The pack_temp schema contains a library for emulating temporary Oracle-style tables. We are interested in only two functions:
create_permanent_temp_table(table_name [, schema_name]); drop_permanent_temp_table(table_name [, schema_name]);
Creating a permanent temporary table is done in two steps:
- Create a regular PostgreSQL temporary table (the same one that is deleted at the end of the transaction).
- Call the create_permanent_temp_table function to turn this temporary table into a permanent one:
create temporary table if not exists another_temp_table ( first_name varchar, last_name varchar, date timestamp(0) with time zone, primary key(first_name, last_name) ) on commit drop;
This creates a view that behaves exactly like a global Oracle temporary table. You can delete it using the drop_permanent_temp_table function.

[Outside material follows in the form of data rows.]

(* Let $M$ be a model with borders, let $f:M^s\to U(n)$ be the unique p-morphism with image $M_{\wedge,\to}$, let $h:\mathcal U(M_{\wedge,\to})\to\mathcal U(M^s)$ be $h(U)=f^{-1}(U)$, and let $r:\mathcal U(M^s)\to\mathcal U(M)$ be $r(V)=\{x\in M\mid\forall y\ge x\,(y\in M^s\Rightarrow y\in V)\}$. Let $B$ be the $(\wedge,\to)$-subalgebra of $\mathcal U(M)$ generated by $v(p_1),\dots,v(p_n)$. Then $B$ equals the image of $r\circ h$. In particular, $B$ is isomorphic, as an implicative meet-semilattice, to $\mathcal U(M_{\wedge,\to})$.
   Context: Fix $n\ge1$ and variables $p_1,\dots,p_n$; $2^n=\{0,1\}^n$ with componentwise order. A model is $(M,\le,c)$, $(M,\le)$ a poset, $c:M\to 2^n$ order-preserving, with intuitionistic Kripke semantics; $v(\varphi)$ is the set of points satisfying $\varphi$. $\mathcal U(X)$ is the Heyting algebra of up-sets of a poset $X$. A p-morphism of models is an order- and colour-preserving map $f$ such that $f(x)\le y$ implies $f(x')=y$ for some $x'\ge x$. A point $x$ is a $q$-border point if $x\not\models q$ and all $y>x$ satisfy $q$; separated if it is a $q$-border point for some variable $q$. $M^s$: separated points with restricted order and colouring (all chains have at most $n$ elements). $M$ has borders if for every variable $p$ and every $x$ with $x\not\models p$ there is a $p$-border point $y\ge x$. $U(n)$ is the $n$-universal model: the generated submodel of the canonical model of IPC on $p_1,\dots,p_n$ (prime filters of the free Heyting algebra ordered by inclusion, $c(x)_i=1$ iff $p_i\in x$) consisting of points with finite up-set. For every model of finite depth there is a unique p-morphism into $U(n)$. $M_{\wedge,\to}$ is the image of the unique p-morphism $M^s\to U(n)$, a generated submodel of $U(n)$. *)

theory Defs
  imports Main
begin

text \<open>A model over variables p_0..p_(n-1): carrier M, partial order le on M,
 colouring c (c x i means x satisfies p_i, only i < n is relevant).\<close>

definition is_model :: "nat \<Rightarrow> 'a set \<Rightarrow> ('a \<Rightarrow> 'a \<Rightarrow> bool) \<Rightarrow> ('a \<Rightarrow> nat \<Rightarrow> bool) \<Rightarrow> bool" where
  "is_model n M le c \<longleftrightarrow>
     (\<forall>x\<in>M. le x x) \<and>
     (\<forall>x\<in>M. \<forall>y\<in>M. le x y \<and> le y x \<longrightarrow> x = y) \<and>
     (\<forall>x\<in>M. \<forall>y\<in>M. \<forall>z\<in>M. le x y \<and> le y z \<longrightarrow> le x z) \<and>
     (\<forall>x\<in>M. \<forall>y\<in>M. le x y \<longrightarrow> (\<forall>i<n. c x i \<longrightarrow> c y i))"

definition val :: "'a set \<Rightarrow> ('a \<Rightarrow> nat \<Rightarrow> bool) \<Rightarrow> nat \<Rightarrow> 'a set" where
  "val M c i = {x\<in>M. c x i}"

definition border_point :: "'a set \<Rightarrow> ('a \<Rightarrow> 'a \<Rightarrow> bool) \<Rightarrow> ('a \<Rightarrow> nat \<Rightarrow> bool) \<Rightarrow> nat \<Rightarrow> 'a \<Rightarrow> bool" where
  "border_point M le c i x \<longleftrightarrow> x \<in> M \<and> \<not> c x i \<and> (\<forall>y\<in>M. le x y \<and> y \<noteq> x \<longrightarrow> c y i)"

definition separated_pts :: "nat \<Rightarrow> 'a set \<Rightarrow> ('a \<Rightarrow> 'a \<Rightarrow> bool) \<Rightarrow> ('a \<Rightarrow> nat \<Rightarrow> bool) \<Rightarrow> 'a set" where
  "separated_pts n M le c = {x\<in>M. \<exists>i<n. border_point M le c i x}"

definition has_borders :: "nat \<Rightarrow> 'a set \<Rightarrow> ('a \<Rightarrow> 'a \<Rightarrow> bool) \<Rightarrow> ('a \<Rightarrow> nat \<Rightarrow> bool) \<Rightarrow> bool" where
  "has_borders n M le c \<longleftrightarrow>
     (\<forall>i<n. \<forall>x\<in>M. \<not> c x i \<longrightarrow> (\<exists>y\<in>M. le x y \<and> border_point M le c i y))"

definition p_morphism :: "nat \<Rightarrow> 'a set \<Rightarrow> ('a \<Rightarrow> 'a \<Rightarrow> bool) \<Rightarrow> ('a \<Rightarrow> nat \<Rightarrow> bool)
    \<Rightarrow> 'b set \<Rightarrow> ('b \<Rightarrow> 'b \<Rightarrow> bool) \<Rightarrow> ('b \<Rightarrow> nat \<Rightarrow> bool) \<Rightarrow> ('a \<Rightarrow> 'b) \<Rightarrow> bool" where
  "p_morphism n M le c N le' c' f \<longleftrightarrow>
     (\<forall>x\<in>M. f x \<in> N) \<and>
     (\<forall>x\<in>M. \<forall>y\<in>M. le x y \<longrightarrow> le' (f x) (f y)) \<and>
     (\<forall>x\<in>M. \<forall>i<n. c' (f x) i = c x i) \<and>
     (\<forall>x\<in>M. \<forall>y\<in>N. le' (f x) y \<longrightarrow> (\<exists>x'\<in>M. le x x' \<and> f x' = y))"

definition upsets :: "'a set \<Rightarrow> ('a \<Rightarrow> 'a \<Rightarrow> bool) \<Rightarrow> 'a set set" where
  "upsets M le = {U. U \<subseteq> M \<and> (\<forall>x\<in>U. \<forall>y\<in>M. le x y \<longrightarrow> y \<in> U)}"

definition himp :: "'a set \<Rightarrow> ('a \<Rightarrow> 'a \<Rightarrow> bool) \<Rightarrow> 'a set \<Rightarrow> 'a set \<Rightarrow> 'a set" where
  "himp M le U V = {x\<in>M. \<forall>y\<in>M. le x y \<longrightarrow> y \<in> U \<longrightarrow> y \<in> V}"

inductive_set imp_meet_gen :: "nat \<Rightarrow> 'a set \<Rightarrow> ('a \<Rightarrow> 'a \<Rightarrow> bool) \<Rightarrow> ('a \<Rightarrow> nat \<Rightarrow> bool) \<Rightarrow> 'a set set"
  for n M le c where
  gen_var: "i < n \<Longrightarrow> val M c i \<in> imp_meet_gen n M le c"
| gen_meet: "U \<in> imp_meet_gen n M le c \<Longrightarrow> V \<in> imp_meet_gen n M le c \<Longrightarrow> U \<inter> V \<in> imp_meet_gen n M le c"
| gen_imp: "U \<in> imp_meet_gen n M le c \<Longrightarrow> V \<in> imp_meet_gen n M le c \<Longrightarrow> himp M le U V \<in> imp_meet_gen n M le c"
(* Let $F\in\mathbb{C}^{n\times n}$ be an orthonormal (unitary) matrix such that every entry satisfies $|F_{ij}|\le\alpha/\sqrt{n}$ for an absolute constant $\alpha$. Then there is a constant $c>0$ depending only on $\alpha$ such that if $t\le c\,n/k$, the matrix $M=[F^{-1}\;\; I]\in\mathbb{C}^{n\times 2n}$ satisfies the $((3k,3t),\delta)$-RIP with $\delta\le 0.1$; that is, for every $v=\begin{bmatrix}\hat{x}\\ e\end{bmatrix}\in\mathbb{C}^{2n}$ with $\hat{x}\in\mathbb{C}^n$ $3k$-sparse and $e\in\mathbb{C}^n$ $3t$-sparse, $$(1-\delta)\|v\|\le\|Mv\|\le(1+\delta)\|v\|.$$
   Context: $\|\cdot\|$ denotes the Euclidean norm. A vector is $k$-sparse if it has at most $k$ nonzero entries. $I$ is the $n\times n$ identity matrix and $Mv=F^{-1}\hat{x}+e$. *)

theory Defs
  imports "HOL-Analysis.Analysis"
begin

text \<open>n x n complex matrices are functions nat => nat => complex, only entries with
  indices < n matter; vectors in C^n are functions nat => complex on indices < n.\<close>

definition unitary_mat :: "nat \<Rightarrow> (nat \<Rightarrow> nat \<Rightarrow> complex) \<Rightarrow> bool" where
  "unitary_mat n F \<longleftrightarrow>
     (\<forall>i<n. \<forall>j<n. (\<Sum>l<n. cnj (F l i) * F l j) = (if i = j then 1 else 0)) \<and>
     (\<forall>i<n. \<forall>j<n. (\<Sum>l<n. F i l * cnj (F j l)) = (if i = j then 1 else 0))"

definition mat_mult :: "nat \<Rightarrow> (nat \<Rightarrow> nat \<Rightarrow> complex) \<Rightarrow> (nat \<Rightarrow> nat \<Rightarrow> complex) \<Rightarrow> nat \<Rightarrow> nat \<Rightarrow> complex" where
  "mat_mult n A B = (\<lambda>i j. \<Sum>l<n. A i l * B l j)"

definition is_inverse_mat :: "nat \<Rightarrow> (nat \<Rightarrow> nat \<Rightarrow> complex) \<Rightarrow> (nat \<Rightarrow> nat \<Rightarrow> complex) \<Rightarrow> bool" where
  "is_inverse_mat n G F \<longleftrightarrow>
     (\<forall>i<n. \<forall>j<n. mat_mult n G F i j = (if i = j then 1 else 0)) \<and>
     (\<forall>i<n. \<forall>j<n. mat_mult n F G i j = (if i = j then 1 else 0))"

definition sparse :: "nat \<Rightarrow> nat \<Rightarrow> (nat \<Rightarrow> complex) \<Rightarrow> bool" where
  "sparse n s x \<longleftrightarrow> card {i. i < n \<and> x i \<noteq> 0} \<le> s"

definition mat_vec :: "nat \<Rightarrow> (nat \<Rightarrow> nat \<Rightarrow> complex) \<Rightarrow> (nat \<Rightarrow> complex) \<Rightarrow> nat \<Rightarrow> complex" where
  "mat_vec n A x = (\<lambda>i. \<Sum>j<n. A i j * x j)"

Several active DataReaders on the same database connection
This is PostgreSQL’s most annoying limitation: every database connection can have only one open DataReader at a time.

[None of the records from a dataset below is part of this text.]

definition fg_ideal :: "('a, 'b) ring_scheme \<Rightarrow> 'a set \<Rightarrow> bool" where
  "fg_ideal R I \<longleftrightarrow> (\<exists>G. finite G \<and> G \<subseteq> carrier R \<and> I = Idl\<^bsub>R\<^esub> G)"

definition flat_topology :: "('a, 'b) ring_scheme \<Rightarrow> 'a set topology" where
  "flat_topology R = topology_generated_by {Vset R I | I. fg_ideal R I}"

definition ann :: "('a, 'b) ring_scheme \<Rightarrow> ('a, 'c, 'd) module_scheme \<Rightarrow> 'c \<Rightarrow> 'a set" where
  "ann R E x = {r \<in> carrier R. r \<odot>\<^bsub>E\<^esub> x = \<zero>\<^bsub>E\<^esub>}"

text \<open>Weak assassinator: primes minimal among the primes containing 0 :_R x for some x in E.\<close>
definition wAss :: "('a, 'b) ring_scheme \<Rightarrow> ('a, 'c, 'd) module_scheme \<Rightarrow> 'a set set" where
  "wAss R E = {P \<in> Spec R. \<exists>x \<in> carrier E. ann R E x \<subseteq> P \<and>
       (\<forall>Q \<in> Spec R. ann R E x \<subseteq> Q \<and> Q \<subseteq> P \<longrightarrow> Q = P)}"

definition mult_closed :: "('a, 'b) ring_scheme \<Rightarrow> 'a set \<Rightarrow> bool" where
  "mult_closed R S \<longleftrightarrow> S \<subseteq> carrier R \<and> \<one>\<^bsub>R\<^esub> \<in> S \<and>
       (\<forall>s \<in> S. \<forall>t \<in> S. s \<otimes>\<^bsub>R\<^esub> t \<in> S)"

text \<open>E_S = 0: unfolding the definition of the localization, every x/1 vanishes,
  i.e. every element of E is killed by some element of S.\<close>
definition loc_zero :: "('a, 'b) ring_scheme \<Rightarrow> ('a, 'c, 'd) module_scheme \<Rightarrow> 'a set \<Rightarrow> bool" where
  "loc_zero R E S \<longleftrightarrow> (\<forall>x \<in> carrier E. \<exists>s \<in> S. s \<odot>\<^bsub>E\<^esub> x = \<zero>\<^bsub>E\<^esub>)"

definition powers :: "('a, 'b) ring_scheme \<Rightarrow> 'a \<Rightarrow> 'a set" where
  "powers R a = {a [^]\<^bsub>R\<^esub> (n::nat) | n. True}"

definition O_set :: "('a, 'b) ring_scheme \<Rightarrow> ('a, 'c, 'd) module_scheme \<Rightarrow> 'a set" where
  "O_set R E = {a \<in> carrier R. loc_zero R E (powers R a)}"

end

theory Submission
  imports Defs "HOL-Algebra.Ring_Divisibility"
begin

(* Every P in wAss R E contains some ann x, which meets S because E_S = 0; so the flat-open sets
   V(s), s in S, cover wAss R E. Compactness leaves finitely many s_1, ..., s_n, and their product
   a in S lies in every member of wAss R E. If some x were not killed by a power of a, Krull's
   argument would give a prime over ann x avoiding a, and a prime minimal over ann x inside it
   would be a member of wAss R E not containing a. *)

lemma subset_Zorn_nonempty_dual:
  assumes "\<A> \<noteq> {}" and ch: "\<And>\<C>. \<lbrakk>\<C> \<noteq> {}; subset.chain \<A> \<C>\<rbrakk> \<Longrightarrow> \<Inter>\<C> \<in> \<A>"
  shows "\<exists>M\<in>\<A>. \<forall>X\<in>\<A>. X \<subseteq> M \<longrightarrow> X = M"
proof -
  have "\<exists>N\<in>uminus ` \<A>. \<forall>X\<in>uminus ` \<A>. N \<subseteq> X \<longrightarrow> X = N"
  proof (rule subset_Zorn_nonempty)
    show "uminus ` \<A> \<noteq> {}" using assms(1) by blast
    fix \<C> assume "\<C> \<noteq> {}" "subset.chain (uminus ` \<A>) \<C>"
    then have "uminus ` \<C> \<noteq> {}" "subset.chain \<A> (uminus ` \<C>)"
      by (auto simp: subset_chain_def)
    then have "\<Inter>(uminus ` \<C>) \<in> \<A>" by (rule ch)
    moreover have "\<Union>\<C> = - \<Inter>(uminus ` \<C>)" by auto
    ultimately show "\<Union>\<C> \<in> uminus ` \<A>" by (rule image_eqI[rotated])
  qed
  then obtain N where N: "N \<in> uminus ` \<A>" and max: "\<forall>X\<in>uminus ` \<A>. N \<subseteq> X \<longrightarrow> X = N" ..
  from N obtain M where "M \<in> \<A>" and "N = - M" by (rule imageE) simp
  with max \<open>M \<in> \<A>\<close> show ?thesis by auto
qed

lemma (in cring) primeideal_Inter_chain:
  assumes "\<C> \<noteq> {}" and "subset.chain {P. primeideal P R} \<C>"
  shows "primeideal (\<Inter>\<C>) R"
proof -
  have prime: "\<And>P. P \<in> \<C> \<Longrightarrow> primeideal P R"
    and chain: "\<And>P Q. P \<in> \<C> \<Longrightarrow> Q \<in> \<C> \<Longrightarrow> P \<subseteq> Q \<or> Q \<subseteq> P"
    using assms(2) by (auto simp: subset_chain_def)
  obtain P0 where "P0 \<in> \<C>" using assms(1) by blast
  show ?thesis
  proof (rule primeidealI[OF i_Intersect[OF primeideal.axioms(1)[OF prime] assms(1)] is_cring])
    show "carrier R \<noteq> \<Inter>\<C>"
      using primeideal.I_notcarr[OF prime] ideal.Icarr[OF primeideal.axioms(1)[OF prime]] \<open>P0 \<in> \<C>\<close>
      by blast
    show "x \<in> \<Inter>\<C> \<or> y \<in> \<Inter>\<C>" if xy: "x \<in> carrier R" "y \<in> carrier R" "x \<otimes> y \<in> \<Inter>\<C>" for x y
    proof (rule ccontr)
      assume "\<not> ?thesis"
      then obtain P Q where "P \<in> \<C>" "Q \<in> \<C>" "x \<notin> P" "y \<notin> Q" by blast
      then obtain K where K: "K \<in> \<C>" "x \<notin> K" "y \<notin> K" using chain[of P Q] by blast
      show False using primeideal.I_prime[OF prime[OF K(1)] xy(1,2)] xy(3) K by blast
    qed
  qed
qed

lemma (in cring) exists_minimal_primeideal_below:
  assumes "primeideal P R" and "I \<subseteq> P"
  shows "\<exists>Q. primeideal Q R \<and> I \<subseteq> Q \<and> Q \<subseteq> P \<and>
           (\<forall>Q'. primeideal Q' R \<and> I \<subseteq> Q' \<and> Q' \<subseteq> Q \<longrightarrow> Q' = Q)"
proof -
  define \<A> where "\<A> = {Q. primeideal Q R \<and> I \<subseteq> Q \<and> Q \<subseteq> P}"
  have "\<exists>Q\<in>\<A>. \<forall>X\<in>\<A>. X \<subseteq> Q \<longrightarrow> X = Q"
  proof (rule subset_Zorn_nonempty_dual)
    show "\<A> \<noteq> {}" using assms unfolding \<A>_def by blast
    fix \<C> assume "\<C> \<noteq> {}" "subset.chain \<A> \<C>"
    then have "subset.chain {P. primeideal P R} \<C>" "I \<subseteq> \<Inter>\<C>" "\<Inter>\<C> \<subseteq> P"
      by (auto simp: \<A>_def subset_chain_def)
    with \<open>\<C> \<noteq> {}\<close> show "\<Inter>\<C> \<in> \<A>" by (simp add: \<A>_def primeideal_Inter_chain)
  qed
  then obtain Q where Q: "Q \<in> \<A>" and min: "\<And>X. X \<in> \<A> \<Longrightarrow> X \<subseteq> Q \<Longrightarrow> X = Q" by blast
  have "Q' = Q" if "primeideal Q' R" "I \<subseteq> Q'" "Q' \<subseteq> Q" for Q'
    using Q that by (intro min) (auto simp: \<A>_def)
  with Q show ?thesis unfolding \<A>_def by (intro exI[of _ Q]) auto
qed

lemma (in cring) set_add_cgenideal_mult_mem:
  assumes M: "ideal M R" and x: "x \<in> carrier R" and y: "y \<in> carrier R" and "x \<otimes> y \<in> M"
    and "u \<in> M <+>\<^bsub>R\<^esub> PIdl x" and "v \<in> M <+>\<^bsub>R\<^esub> PIdl y"
  shows "u \<otimes> v \<in> M"
proof -
  interpret M: ideal M R by (rule M)
  obtain p r where p: "p \<in> M" and r: "r \<in> carrier R" and u: "u = p \<oplus> r \<otimes> x"
    using \<open>u \<in> M <+>\<^bsub>R\<^esub> PIdl x\<close> unfolding set_add_def' cgenideal_def by blast
  obtain q s where q: "q \<in> M" and s: "s \<in> carrier R" and v: "v = q \<oplus> s \<otimes> y"
    using \<open>v \<in> M <+>\<^bsub>R\<^esub> PIdl y\<close> unfolding set_add_def' cgenideal_def by blast
  have "p \<in> carrier R" "q \<in> carrier R" using p q by (auto intro: M.Icarr)
  then have "u \<otimes> v = p \<otimes> v \<oplus> ((r \<otimes> x) \<otimes> q \<oplus> (r \<otimes> s) \<otimes> (x \<otimes> y))"
    using r s x y by (simp add: u v l_distr r_distr m_ac a_ac)
  also have "\<dots> \<in> M"
  proof (intro M.a_closed)
    show "p \<otimes> v \<in> M" using p q s y by (simp add: v M.I_r_closed M.Icarr)
    show "(r \<otimes> x) \<otimes> q \<in> M" using q r x by (simp add: M.I_l_closed)
    show "(r \<otimes> s) \<otimes> (x \<otimes> y) \<in> M" using r s \<open>x \<otimes> y \<in> M\<close> by (simp add: M.I_l_closed)
  qed
  finally show ?thesis .
qed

A new request cannot be executed until the previous one is executed and processed.
The problem regularly pops up in application services, LINQ queries and SQL queries in many different forms. Here are a few typical cases:
- A LINQ query uses a constant (or calls a service). The request opens the first DataReader, and the constant service tries to open the second and receives an error. To get rid of the error, you need to read the constant in a local variable before executing the query (or call the service after reading the results of the query). Example:
// var query = from a in DataContext.GetTable<Agent>() where a.ID = Constants.TestAgentID select a; // var testAgentId = Constants.TestAgentID; var query = from a in DataContext.GetTable<Agent>() where a.ID = testAgentId select a;
- The LINQ query results are processed in a loop, but the loop body executes the second query, be it LINQ or SQL. How to bypass the restriction: materialize the results of the query into a list or an array, and run through the list after the first query has already been completed. Example:
// foreach (var langId in DataContext.GetTable<Language>().Select(x => x.ID)) { using (LanguageService.UseLanguage(langId)) { // do something language-specific } } // foreach (var langId in DataContext.GetTable<Language>().Select(x => x.ID).ToIDList()) { using (LanguageService.UseLanguage(langId)) { // do something language-specific } }
- Call ToArray / ToList / ToIDList within a LINQ query. To fix, you need to split the request into parts:
// var dictionary = DataContext.GetTable<CalendarDayStatus>().Where(d => dates.Contains(d.DT)) .GroupBy(g => g.DT, e => e.StatusID) .ToDictionary(k => k.Key, e => e.ToIDList()); // var dictionary = DataContext.GetTable<CalendarDayStatus>() .Where(d => dates.Contains(d.DT)) .GroupBy(g => g.DT, e => e.StatusID) .ToDictionary(p => p.Key); var dict = dictionary.ToDictionary(p => p.Key, p => p.Value.ToIDList());
Unfortunately, this kind of error is very difficult to detect statically. Therefore, every nontrivial LINQ request needs to be thoroughly tested to make sure that it does not try to open several DataReaders simultaneously.
What's next?
We plan to intensively develop interaction with the PostgreSQL team. Actually, most of these restrictions do not seem insurmountable, we may be able to find resources to make the appropriate changes to the PostgreSQL code.
We have not used some of the features that PostgreSQL already has, such as support for geodata processing, but we hope that we can use them in future versions.
In any case, both versions - light Solid12 and enteprise Ultimate Solid - will be developed in parallel, all the important functionality will be supported in both versions of the platform delivery.